Several factors can influence the outcome of an ACLR and should therefore be taken into consideration when graft survival is investigated. Age has been identified as a risk factor for ACL graft rupture. The odds of an ACL graft rupture decreases with every yearly increase in patient age [4]. However, sex is not considered as a risk factor of increased ACLR failure rate or clinically important difference in patient-reported outcomes [5].

In recent traumatology surgery, several ways of reconstructing a ruptured ACL were established. In a global perspective, the most common grafts used for reconstruction of the ACL are hamstring tendon autografts (HTA), bone–patellar tendon–bone autografts (BPTBA), different allografts and quadriceps tendon autografts (QTA), respectively. As a matter of fact, single-bundle reconstruction is used more frequently than double-bundle technique. [6]

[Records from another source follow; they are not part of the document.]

lemma Dop_frak_d_var:
  assumes "valid_idx (k, l)"
  shows "Dop (frak_d (var (k, l))) = of_nat (k * (l - 1)) * var (k, l)"
proof -
  have "Dop (frak_d (var (k, l))) = of_nat (k * (l - 1)) * Dop (Tgen (k - 1) (l - 1))"
    by (simp only: frak_d_var derivation_diff[OF derivation_Dop]
        derivation_of_nat_mult[OF derivation_Dop] derivation_scalar_const[OF derivation_Dop] diff_zero)
  \<comment> \<open>If k (l - 1) = 0, the index (k - 1, l - 1) may be invalid, but its coefficient vanishes.\<close>
  moreover have "Dop (Tgen (k - 1) (l - 1)) = var (k, l)" if "k * (l - 1) \<noteq> 0"
  proof -
    from that assms have "valid_idx (k - 1, l - 1)" "k - 1 + 1 = k" "l - 1 + 1 = l"
      by (auto simp: valid_idx_def)
    then show ?thesis
      by (metis Tgen_valid Dop_var)
  qed
  ultimately show ?thesis
    by (metis mult_zero_left of_nat_0)
qed

lemma frak_d_Dop_var:
  assumes "valid_idx (k, l)"
  shows "frak_d (Dop (var (k, l))) = of_nat ((k + 1) * l) * var (k, l)"
  using assms by (simp add: Dop_var frak_d_var Tgen_valid valid_idx_def)

lemma frak_d_Dop_commutator:
  assumes "in_T p"
  shows "frak_d (Dop p) - Dop (frak_d p) = Wop p"
proof (rule derivation_eq_on_T[OF _ derivation_Wop _ assms])
  show "derivation (\<lambda>p. frak_d (Dop p) - Dop (frak_d p))"
    by (intro derivation_commutator derivation_frak_d derivation_Dop)
  fix i :: "nat \<times> nat"
  assume "valid_idx i"
  moreover obtain k l where i: "i = (k, l)"
    by fastforce
  ultimately have valid: "valid_idx (k, l)" and "l \<ge> 1"
    by (simp_all add: valid_idx_def)
  then have weights: "(k + 1) * l = k * (l - 1) + (k + l)"
    by (cases l) (simp_all add: algebra_simps)
  have "frak_d (Dop (var i)) - Dop (frak_d (var i))
      = of_nat ((k + 1) * l) * var i - of_nat (k * (l - 1)) * var i"
    by (simp only: i frak_d_Dop_var[OF valid] Dop_frak_d_var[OF valid])
  also have "\<dots> = of_nat (k + l) * var i"
    unfolding weights by (simp only: of_nat_add distrib_right add_diff_cancel_left')
  finally show "frak_d (Dop (var i)) - Dop (frak_d (var i)) = Wop (var i)"
    by (simp only: i Wop_var)
qed

lemma Wop_Dop_commutator:
  assumes "in_T p"
  shows "Wop (Dop p) - Dop (Wop p) = 2 * Dop p"
proof (rule derivation_eq_on_T[OF _ derivation_const_mult[OF derivation_Dop] _ assms])
  show "derivation (\<lambda>p. Wop (Dop p) - Dop (Wop p))"
    by (intro derivation_commutator derivation_Wop derivation_Dop)
  fix i :: "nat \<times> nat"
  assume "valid_idx i"
  moreover obtain k l where i: "i = (k, l)"
    by fastforce
  ultimately show "Wop (Dop (var i)) - Dop (Wop (var i)) = 2 * Dop (var i)"
    by (simp only: i Dop_var Wop_var derivation_of_nat_mult[OF derivation_Dop])
       (simp add: algebra_simps)
qed

lemma Wop_Dop_power:
  assumes "in_T f" "homogeneous k f"
  shows "Wop ((Dop ^^ r) f) = of_nat (k + 2 * r) * (Dop ^^ r) f"
proof (induction r)
  case (Suc r)
  have "Wop ((Dop ^^ Suc r) f) = Dop (Wop ((Dop ^^ r) f)) + 2 * Dop ((Dop ^^ r) f)"
    using Wop_Dop_commutator[OF in_T_Dop_power[OF assms(1)]] by (simp add: diff_eq_eq)
  also have "\<dots> = of_nat (k + 2 * r) * (Dop ^^ Suc r) f + 2 * (Dop ^^ Suc r) f"
    by (simp only: Suc.IH derivation_of_nat_mult[OF derivation_Dop] funpow.simps comp_apply)
  finally show ?case
    by (simp add: algebra_simps)
qed (simp add: Wop_homogeneous[OF assms(2)])

lemma frak_d_Dop_power:
  assumes "in_T f" "homogeneous k f" "frak_d f = 0"
  shows "frak_d ((Dop ^^ r) f) = of_nat (r * (k + r - 1)) * (Dop ^^ (r - 1)) f"
proof (induction r)
  case (Suc r)
  have weights: "r * (k + r - 1) + (k + 2 * r) = Suc r * (k + Suc r - 1)"
    by (cases r) (simp_all add: algebra_simps)
  have "frak_d ((Dop ^^ Suc r) f) = Dop (frak_d ((Dop ^^ r) f)) + Wop ((Dop ^^ r) f)"
    using frak_d_Dop_commutator[OF in_T_Dop_power[OF assms(1)]] by (simp add: diff_eq_eq)
  also have "\<dots> = of_nat (r * (k + r - 1)) * Dop ((Dop ^^ (r - 1)) f)
      + of_nat (k + 2 * r) * (Dop ^^ r) f"
    by (simp only: Suc.IH Wop_Dop_power[OF assms(1,2)] derivation_of_nat_mult[OF derivation_Dop])
  also have "\<dots> = of_nat (r * (k + r - 1) + (k + 2 * r)) * (Dop ^^ r) f"
    by (cases r) (simp_all add: algebra_simps)
  finally show ?case
    by (simp only: weights diff_Suc_1)
qed (simp add: assms(3))

subsection \<open>The Rankin--Cohen bracket\<close>

definition rankin_cohen_coeff :: "nat \<Rightarrow> nat \<Rightarrow> nat \<Rightarrow> nat \<Rightarrow> real" where
  "rankin_cohen_coeff k l n r =
     (-1) ^ r * ((real k + real n - 1) gchoose (n - r)) * ((real l + real n - 1) gchoose r)"

lemma RC_bracket_eq_sum:
  "RC_bracket k l n f g
     = (\<Sum>r\<le>n. scalar (rankin_cohen_coeff k l n r) * (Dop ^^ r) f * (Dop ^^ (n - r)) g)"
  by (simp add: RC_bracket_def rankin_cohen_coeff_def Let_def)

lemma gchoose_Suc_eq:
  fixes a :: "'a::field_char_0"
  shows "of_nat (Suc j) * (a gchoose Suc j) = (a - of_nat j) * (a gchoose j)"
  using gbinomial_mult_1[of a j] by (simp add: algebra_simps)

lemma rankin_cohen_coeff_recurrence:
  assumes "r < n"
  shows "rankin_cohen_coeff k l n (Suc r) * real (Suc r * (k + Suc r - 1))
       + rankin_cohen_coeff k l n r * real ((n - r) * (l + (n - r) - 1)) = 0"
proof -
  obtain b where n: "n = Suc (r + b)"
    using assms less_imp_Suc_add by blast
  define x where "x = real k + real n - 1"
  define y where "y = real l + real n - 1"
  have x: "real (Suc b) * (x gchoose Suc b) = (real k + real r) * (x gchoose b)"
    using gchoose_Suc_eq[of b x] by (simp add: x_def n)
  have y: "real (Suc r) * (y gchoose Suc r) = (real l + real b) * (y gchoose r)"
    using gchoose_Suc_eq[of r y] by (simp add: y_def n)
  have "n - Suc r = b" "n - r = Suc b"
    by (simp_all add: n)
  then have "rankin_cohen_coeff k l n (Suc r) * real (Suc r * (k + Suc r - 1))
       + rankin_cohen_coeff k l n r * real ((n - r) * (l + (n - r) - 1))
      = (-1) ^ r * ((real l + real b) * (real (Suc b) * (x gchoose Suc b)) * (y gchoose r)
          - (real k + real r) * (x gchoose b) * (real (Suc r) * (y gchoose Suc r)))"
    unfolding rankin_cohen_coeff_def x_def[symmetric] y_def[symmetric] by (simp add: algebra_simps)
  also have "\<dots> = 0"
    unfolding x y by (simp add: algebra_simps)
  finally show ?thesis .
qed

lemma sum_atMost_shift_pairs:
  fixes X Y :: "nat \<Rightarrow> 'a::comm_monoid_add"
  shows "(\<Sum>r\<le>n. X r + Y r) = X 0 + (\<Sum>r<n. X (Suc r) + Y r) + Y n"
  by (induction n) (simp_all add: ac_simps)

lemma frak_d_rankin_cohen_sum:
  assumes A: "\<And>r. frak_d (A r) = of_nat (r * (k + r - 1)) * A (r - 1)"
    and B: "\<And>s. frak_d (B s) = of_nat (s * (l + s - 1)) * B (s - 1)"
  shows "frak_d (\<Sum>r\<le>n. scalar (rankin_cohen_coeff k l n r) * A r * B (n - r)) = 0"
proof -
  define X where "X r = scalar (rankin_cohen_coeff k l n r * real (r * (k + r - 1)))
    * A (r - 1) * B (n - r)" for r
  define Y where "Y r = scalar (rankin_cohen_coeff k l n r * real ((n - r) * (l + (n - r) - 1)))
    * A r * B (n - r - 1)" for r
  have "frak_d (scalar (rankin_cohen_coeff k l n r) * A r * B (n - r)) = X r + Y r" for r
    by (simp add: derivation_mult[OF derivation_frak_d] derivation_scalar_const[OF derivation_frak_d]
        A B X_def Y_def scalar_mult algebra_simps flip: single_of_nat)
  then have "frak_d (\<Sum>r\<le>n. scalar (rankin_cohen_coeff k l n r) * A r * B (n - r))
      = X 0 + (\<Sum>r<n. X (Suc r) + Y r) + Y n"
    by (simp add: derivation_sum[OF derivation_frak_d] sum_atMost_shift_pairs)
  moreover have "X 0 = 0" "Y n = 0"
    by (simp_all add: X_def Y_def)
  moreover have "X (Suc r) + Y r = 0" if "r < n" for r
  proof -
    have "X (Suc r) + Y r = scalar (rankin_cohen_coeff k l n (Suc r) * real (Suc r * (k + Suc r - 1))
        + rankin_cohen_coeff k l n r * real ((n - r) * (l + (n - r) - 1))) * A r * B (n - Suc r)"
      by (simp add: X_def Y_def single_add algebra_simps)
    then show ?thesis
      by (simp only: rankin_cohen_coeff_recurrence[OF that] single_zero mult_zero_left)
  qed
  ultimately show ?thesis
    by simp
qed

theorem proposition5p3p2:
  fixes f g :: Talg and k l n :: nat
  assumes "in_T f" and "in_T g"
    and "homogeneous k f" and "homogeneous l g"
    and "frak_d f = 0" and "frak_d g = 0"
  shows "frak_d (RC_bracket k l n f g) = 0"
  unfolding RC_bracket_eq_sum
  by (rule frak_d_rankin_cohen_sum) (rule frak_d_Dop_power; fact)+

end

The purpose of this systematic review was to compare graft failure rates of different graft options used for ACLR by taking the most recent studies with a very high volume of patients into calculation. Such an approach to this topic has not yet been chosen in recent literature. A recent review paper including far less trials than our systematic review suggested that there is no significant difference between autograft subgroups in terms of graft failure rates [7]. Between autografts and allografts, there might be no significant long-term difference in failure rates as well [8, 9]. Consequently, the main hypothesis stating that there is no statistically significant difference in graft failure rates within the autograft subgroups and between autograft subgroups and allografts was defined. The results of the present study may contribute to a better understanding and orientation in terms of graft choice and functional survival of different graft types.

Materials and methods

Literature search

A systematic literature search on common methods for ACLR using autografts and allografts was conducted in PubMed based on the Preferred Reporting Items for Systematic Reviews and Meta-Analyses (PRISMA) criteria. Search was performed throughout May 2020 using the following terms for search: “ACL reconstruction” in combination with “quadriceps tendon” OR “quadriceps graft” OR “hamstring” OR “bone tendon bone” OR “patellar tendon” OR “allograft” in <All Fields> .

Eligibility and study selection

All obtained papers’ titles and abstracts were screened, and relevant studies were identified. To further assess these studies for eligibility, certain selection criteria were defined.

Inclusion criteria:

  • Publication date within the last 10 years (May 2010–May 2020).

  • Trials only conducted on human species (level of evidence I-IV).

  • A follow-up (FU) period of at least 2 years.

  • Isolated ACL rupture as primary ligamentous injury with or without meniscal damage.

  • Study population with a minimum mean age of 18 years.

  • All tibial and femoral graft fixation techniques.

  • Studies including transtibial or anteromedial tibial tunnel drilling.

  • All kinds of hamstring techniques (any number of strands).

  • All kinds of sterilisation and preservation methods for allografts.

Exclusion criteria:

  • Studies published in languages other than English.

  • No documentation of graft failure or re-rupture rate.

  • Revision ACLR.

  • Studies investigating only highest-risk populations such as professional athletes or skeletally immature.

  • All double bundle or hybrid graft techniques.

  • Multiple ligamentous injuries of the knee joint.

  • Follow-up duration unavailable or only available as median.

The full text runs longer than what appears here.